Sexton’s Cottage

Painting of Sextons' House by Josie Duggan-Parish Art Class

Painting of Sextons’ House by Josie Duggan-Parish Art Class

This little cottage appears on a map dated 1834, so was most likely built in the late 18th, or early 19th century in the Georgian period. Its position beside the old church and graveyard made it an ideal home for the sexton and his family. The various sextons over the years up to the mid 1900s include James Orr (34 years), Samuel Orr (31 years), Christopher Halligan (30 years) Ernest Halligan (25 years) and Tom Marshall ( approx 10 yrs). The sexton’s cottage was purchased outright by the Church from General Templer in 1947 for £200. It was agreed to put a sexton’s house sign on the gate. However by 1954, as it was no longer required for a sexton, the Church was prepared to sell it as a site for the new proposed police station. This plan fell through, but the Church was successful in selling it in 1956 to a Mr Cooke for £300, with part of the garden being retained by the parish. James Rolston, who originally came from Loughgall but was now running a business in Belfast, bought the property in 1957 and used it as a holiday home for many years before retiring here.
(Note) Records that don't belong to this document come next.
(* The Krichever genus $kv\colon\varOmega^U_*\to R_*$, i.e. the ring homomorphism classifying the formal group law $F_b$, induces an isomorphism of graded abelian groups $\varOmega^U_{2i}\to R_{2i}$ for all $2i<10$.
   Context: $R_*=\mathbb{Z}[a,c_j,d_k:j\ge2,k\ge1]/J$ with $\deg a=2$, $\deg c_j=2j$, $\deg d_k=2(k+2)$, and $F_b(u_1,u_2)=u_1c(u_2)+u_2c(u_1)-au_1u_2-\frac{d(u_1)-d(u_2)}{u_1c(u_2)-u_2c(u_1)}u_1^2u_2^2$, where $c(u)=1+\sum_{j\ge2}c_ju^j$, $d(u)=\sum_{k\ge1}d_ku^k$, and $J$ is the ideal of associativity relations for $F_b$. By Quillen's theorem $\varOmega^U_*$ is the Lazard ring, so $F_b$ is classified by a unique graded ring homomorphism $\varOmega^U_*\to R_*$. *)

theory Defs
  imports "HOL-Library.Poly_Mapping" "HOL-Computational_Algebra.Formal_Power_Series"
begin

type_synonym 'v mpoly = "('v \<Rightarrow>\<^sub>0 nat) \<Rightarrow>\<^sub>0 int"

definition Var :: "'v \<Rightarrow> 'v mpoly" where
  "Var v = Poly_Mapping.single (Poly_Mapping.single v 1) 1"

definition subst :: "('v \<Rightarrow> 'a::comm_ring_1) \<Rightarrow> 'v mpoly \<Rightarrow> 'a" where
  "subst \<sigma> p = (\<Sum>m\<in>Poly_Mapping.keys p.
      of_int (Poly_Mapping.lookup p m) * (\<Prod>v\<in>Poly_Mapping.keys m. \<sigma> v ^ Poly_Mapping.lookup m v))"

text \<open>Homogeneity w.r.t. a weight of the variables (weight n = topological degree 2n).\<close>
definition homog :: "('v \<Rightarrow> nat) \<Rightarrow> nat \<Rightarrow> 'v mpoly \<Rightarrow> bool" where
  "homog wt n p \<longleftrightarrow> (\<forall>m\<in>Poly_Mapping.keys p.
      (\<Sum>v\<in>Poly_Mapping.keys m. Poly_Mapping.lookup m v * wt v) = n)"

definition gen_ideal :: "'a::comm_ring_1 set \<Rightarrow> 'a set" where
  "gen_ideal S = {x. \<exists>F g. finite F \<and> F \<subseteq> S \<and> x = (\<Sum>s\<in>F. g s * s)}"

text \<open>Two-variable series: element S of 'r fps fps, coefficient of u1^i u2^j is
  fps_nth (fps_nth S i) j. Three-variable series: 'r fps fps fps similarly.\<close>

definition coeff2 :: "'r fps fps \<Rightarrow> nat \<Rightarrow> nat \<Rightarrow> 'r" where
  "coeff2 S i j = fps_nth (fps_nth S i) j"

definition coeff3 :: "'r fps fps fps \<Rightarrow> nat \<Rightarrow> nat \<Rightarrow> nat \<Rightarrow> 'r" where
  "coeff3 S p q r = fps_nth (fps_nth (fps_nth S p) q) r"

definition U3 :: "'r::comm_ring_1 fps fps fps" where "U3 = fps_X"
definition V3 :: "'r::comm_ring_1 fps fps fps" where "V3 = fps_const fps_X"
definition W3 :: "'r::comm_ring_1 fps fps fps" where "W3 = fps_const (fps_const fps_X)"

definition const3 :: "'r::comm_ring_1 \<Rightarrow> 'r fps fps fps" where
  "const3 r = fps_const (fps_const (fps_const r))"

text \<open>Truncated substitution of two 3-variable series G, H (without constant term)
  into a 2-variable series with coefficient function f (f 0 0 = 0). All terms of total
  degree at most N of the genuine composite F(G,H) are exact.\<close>
definition ev_trunc :: "nat \<Rightarrow> (nat \<Rightarrow> nat \<Rightarrow> 'r::comm_ring_1) \<Rightarrow> 'r fps fps fps \<Rightarrow> 'r fps fps fps
    \<Rightarrow> 'r fps fps fps" where
  "ev_trunc N f G H = (\<Sum>i\<le>N. \<Sum>j\<le>N. const3 (f i j) * G ^ i * H ^ j)"

text \<open>Coefficient of u^p v^q w^r in F(F(u,v),w) - F(u,F(v,w)).\<close>
definition assoc_rel :: "(nat \<Rightarrow> nat \<Rightarrow> 'r::comm_ring_1) \<Rightarrow> nat \<Rightarrow> nat \<Rightarrow> nat \<Rightarrow> 'r" where
  "assoc_rel f p q r =
     (let N = p + q + r in
       coeff3 (ev_trunc N f (ev_trunc N f U3 V3) W3) p q r
     - coeff3 (ev_trunc N f U3 (ev_trunc N f V3 W3)) p q r)"

definition assoc_ideal :: "(nat \<Rightarrow> nat \<Rightarrow> 'r::comm_ring_1) \<Rightarrow> 'r set" where
  "assoc_ideal f = gen_ideal (range (\<lambda>(p, q, r). assoc_rel f p q r))"

text \<open>Variables of R: A = a (deg 2), C n = c_(n+2) (deg 2(n+2)), D n = d_(n+1) (deg 2(n+3)).\<close>
datatype rvar = A | C nat | D nat

fun wtR :: "rvar \<Rightarrow> nat" where
  "wtR A = 1"
| "wtR (C n) = n + 2"
| "wtR (D n) = n + 3"

definition c_fps :: "rvar mpoly fps" where
  "c_fps = Abs_fps (\<lambda>n. if n = 0 then 1 else if n = 1 then 0 else Var (C (n - 2)))"

definition d_fps :: "rvar mpoly fps" where
  "d_fps = Abs_fps (\<lambda>n. if n = 0 then 0 else Var (D (n - 1)))"

definition in_u1 :: "'r::comm_ring_1 fps \<Rightarrow> 'r fps fps" where
  "in_u1 f = Abs_fps (\<lambda>i. fps_const (fps_nth f i))"

definition in_u2 :: "'r::comm_ring_1 fps \<Rightarrow> 'r fps fps" where
  "in_u2 f = fps_const f"

definition X1 :: "'r::comm_ring_1 fps fps" where "X1 = fps_X"
definition X2 :: "'r::comm_ring_1 fps fps" where "X2 = fps_const fps_X"

text \<open>The power series (d(u1)-d(u2))/(u1 c(u2) - u2 c(u1)) (the quotient exists and is unique).\<close>
definition Qb :: "rvar mpoly fps fps" where
  "Qb = (THE Q. Q * (X1 * in_u2 c_fps - X2 * in_u1 c_fps) = in_u1 d_fps - in_u2 d_fps)"

definition Fb :: "rvar mpoly fps fps" where
  "Fb = X1 * in_u2 c_fps + X2 * in_u1 c_fps - fps_const (fps_const (Var A)) * X1 * X2
        - Qb * X1 ^ 2 * X2 ^ 2"

definition b :: "nat \<Rightarrow> nat \<Rightarrow> rvar mpoly" where
  "b i j = coeff2 Fb i j"

text \<open>J = ideal of associativity relations of F_b; R_* = Z[a,c_j,d_k]/J.\<close>
definition J :: "rvar mpoly set" where
  "J = assoc_ideal b"

section \<open>The Lazard ring (= Omega^U_* by Quillen)\<close>

text \<open>Variable (i,j) stands for x_(i+1,j+1), the coefficient of u^(i+1) v^(j+1) of the
  universal formal group law; its weight is i+j+1 (topological degree 2(i+j+1)).\<close>
fun wtL :: "nat \<times> nat \<Rightarrow> nat" where
  "wtL (i, j) = i + j + 1"
lemma (in prob_space) prob_successes_given_status:
  fixes Y :: "nat \<Rightarrow> 'a \<Rightarrow> bool \<times> bool" and R D e :: "nat \<Rightarrow> bool" and a b :: int
  assumes indep: "indep_vars (\<lambda>_. count_space UNIV) Y {..<n}"
    and success: "\<And>i. i < n \<Longrightarrow> prob {\<omega> \<in> space M. Y i \<omega> = (True, True)}
      = p * (prob {\<omega> \<in> space M. Y i \<omega> = (True, True)} + prob {\<omega> \<in> space M. Y i \<omega> = (False, True)})"
    and DR: "\<And>i. D i \<Longrightarrow> R i"
  shows "prob {\<omega> \<in> space M. status_matches R e n (\<lambda>i. Y i \<omega>)
      \<and> int (successes D n (\<lambda>i. Y i \<omega>)) = a \<and> int (successes R n (\<lambda>i. Y i \<omega>)) = b}
    = binomial_weight p (card {i \<in> {..<n}. D i \<and> e i}) a
      * binomial_weight p (int (card {i \<in> {..<n}. R i \<and> e i}) - int (card {i \<in> {..<n}. D i \<and> e i})) (b - a)
      * prob {\<omega> \<in> space M. status_matches R e n (\<lambda>i. Y i \<omega>)}"
  using indep success
proof (induction n arbitrary: a b)
  case 0
  have "{\<omega> \<in> space M. 0 = a \<and> 0 = b} = (if a = 0 \<and> b = 0 then space M else {})"
    by auto
  then show ?case
    by (simp add: status_matches_def successes_def binomial_weight_0 prob_space)
next
  case (Suc k)
  have indep_k: "indep_vars (\<lambda>_. count_space UNIV) Y {..<k}"
    using Suc.prems(1) by (rule indep_vars_subset) auto
  have success_k: "prob {\<omega> \<in> space M. Y i \<omega> = (True, True)}
      = p * (prob {\<omega> \<in> space M. Y i \<omega> = (True, True)} + prob {\<omega> \<in> space M. Y i \<omega> = (False, True)})"
    if "i < k" for i
    using that by (intro Suc.prems(2)) simp
  note IH = Suc.IH[OF indep_k success_k]
  define d where "d = int (card {i \<in> {..<k}. D i \<and> e i})"
  define N where "N = int (card {i \<in> {..<k}. R i \<and> e i})"
  have "0 \<le> d" "d \<le> N"
    using DR by (auto simp: d_def N_def intro!: card_mono)
  have cards: "int (card {i \<in> {..<Suc k}. D i \<and> e i}) = d + of_bool (D k \<and> e k)"
      "int (card {i \<in> {..<Suc k}. R i \<and> e i}) = N + of_bool (R k \<and> e k)"
    unfolding d_def N_def card_lessThan_Suc_filter by simp_all
  show ?case
    unfolding prob_status_successes_Suc[OF Suc.prems(1)] prob_status_matches_Suc[OF Suc.prems(1)] cards
    using DR[of k]
    by (simp only: IH d_def[symmetric] N_def[symmetric] cong: if_cong)
      (rule binomial_weight_sum_step; use Suc.prems(2)[of k] \<open>0 \<le> d\<close> \<open>d \<le> N\<close> in simp)
qed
The thatch was removed in the 1970s and replaced with tiles. This is a photograph of James Rolston’s wedding to Lucy Johnston, which took place in Cloveneden Presbyterian Church in 1919. It was an impressive double wedding as James’ sister was also married that day. Apparently the mother of one of the brides was a fantastic dressmaker – did she make all the dresses? We may never know. The next and current owner bought the property around 1990.